INFORMATION:

* * * * *

lemma normalized_increment_straddle_mono:
  assumes "b1 < b2"
  shows "b1 < 0 \<Longrightarrow> 0 < b1 + X \<Longrightarrow> b2 < 0 \<Longrightarrow> normalized_increment f1 f2 X b1 < normalized_increment f1 f2 X b2"
    and "0 < b1 \<Longrightarrow> b2 + X < 0 \<Longrightarrow> normalized_increment f1 f2 X b1 < normalized_increment f1 f2 X b2"
proof -
  assume b: "b1 < 0" "0 < b1 + X" "b2 < 0"
  have "(f1 (b2 + X) + f2 (- b2)) / (- deriv f2 (- b2)) < (f1 (b1 + X) + f2 (- b1)) / (- deriv f2 (- b1))"
    using strongly_hyperbolic_shifted_value_over_deriv_less[OF sh2, of "- b2" "- b1" "f1 (b2 + X)" "f1 (b1 + X)"]
      strongly_hyperbolic_pos[OF sh1, of "b2 + X"] strongly_hyperbolic_decreasing[OF sh1, of "b1 + X" "b2 + X"]
      assms b by simp
  then show "normalized_increment f1 f2 X b1 < normalized_increment f1 f2 X b2"
    using assms b by (simp add: normalized_increment_straddle_eq)
next
  assume b: "0 < b1" "b2 + X < 0"
  have "(f2 (- b1 - X) + f1 b1) / (- deriv f1 b1) < (f2 (- b2 - X) + f1 b2) / (- deriv f1 b2)"
    using strongly_hyperbolic_shifted_value_over_deriv_less[OF sh1, of b1 b2 "f2 (- b1 - X)" "f2 (- b2 - X)"]
      strongly_hyperbolic_pos[OF sh2, of "- b1 - X"] strongly_hyperbolic_decreasing[OF sh2, of "- b2 - X" "- b1 - X"]
      assms b by simp
  then show "normalized_increment f1 f2 X b1 < normalized_increment f1 f2 X b2"
    using assms b by (simp add: normalized_increment_straddle_eq')
qed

* * * * *

YOUR GOAL: Copy range, inclusive: the line holding "0 \<Longrightarrow> 0" to the line holding "b2)) / (- deriv". Reproduce exactly those lines of the records above and no others.

EXERCISE RESULT:
  shows "b1 < 0 \<Longrightarrow> 0 < b1 + X \<Longrightarrow> b2 < 0 \<Longrightarrow> normalized_increment f1 f2 X b1 < normalized_increment f1 f2 X b2"
    and "0 < b1 \<Longrightarrow> b2 + X < 0 \<Longrightarrow> normalized_increment f1 f2 X b1 < normalized_increment f1 f2 X b2"
proof -
  assume b: "b1 < 0" "0 < b1 + X" "b2 < 0"
  have "(f1 (b2 + X) + f2 (- b2)) / (- deriv f2 (- b2)) < (f1 (b1 + X) + f2 (- b1)) / (- deriv f2 (- b1))"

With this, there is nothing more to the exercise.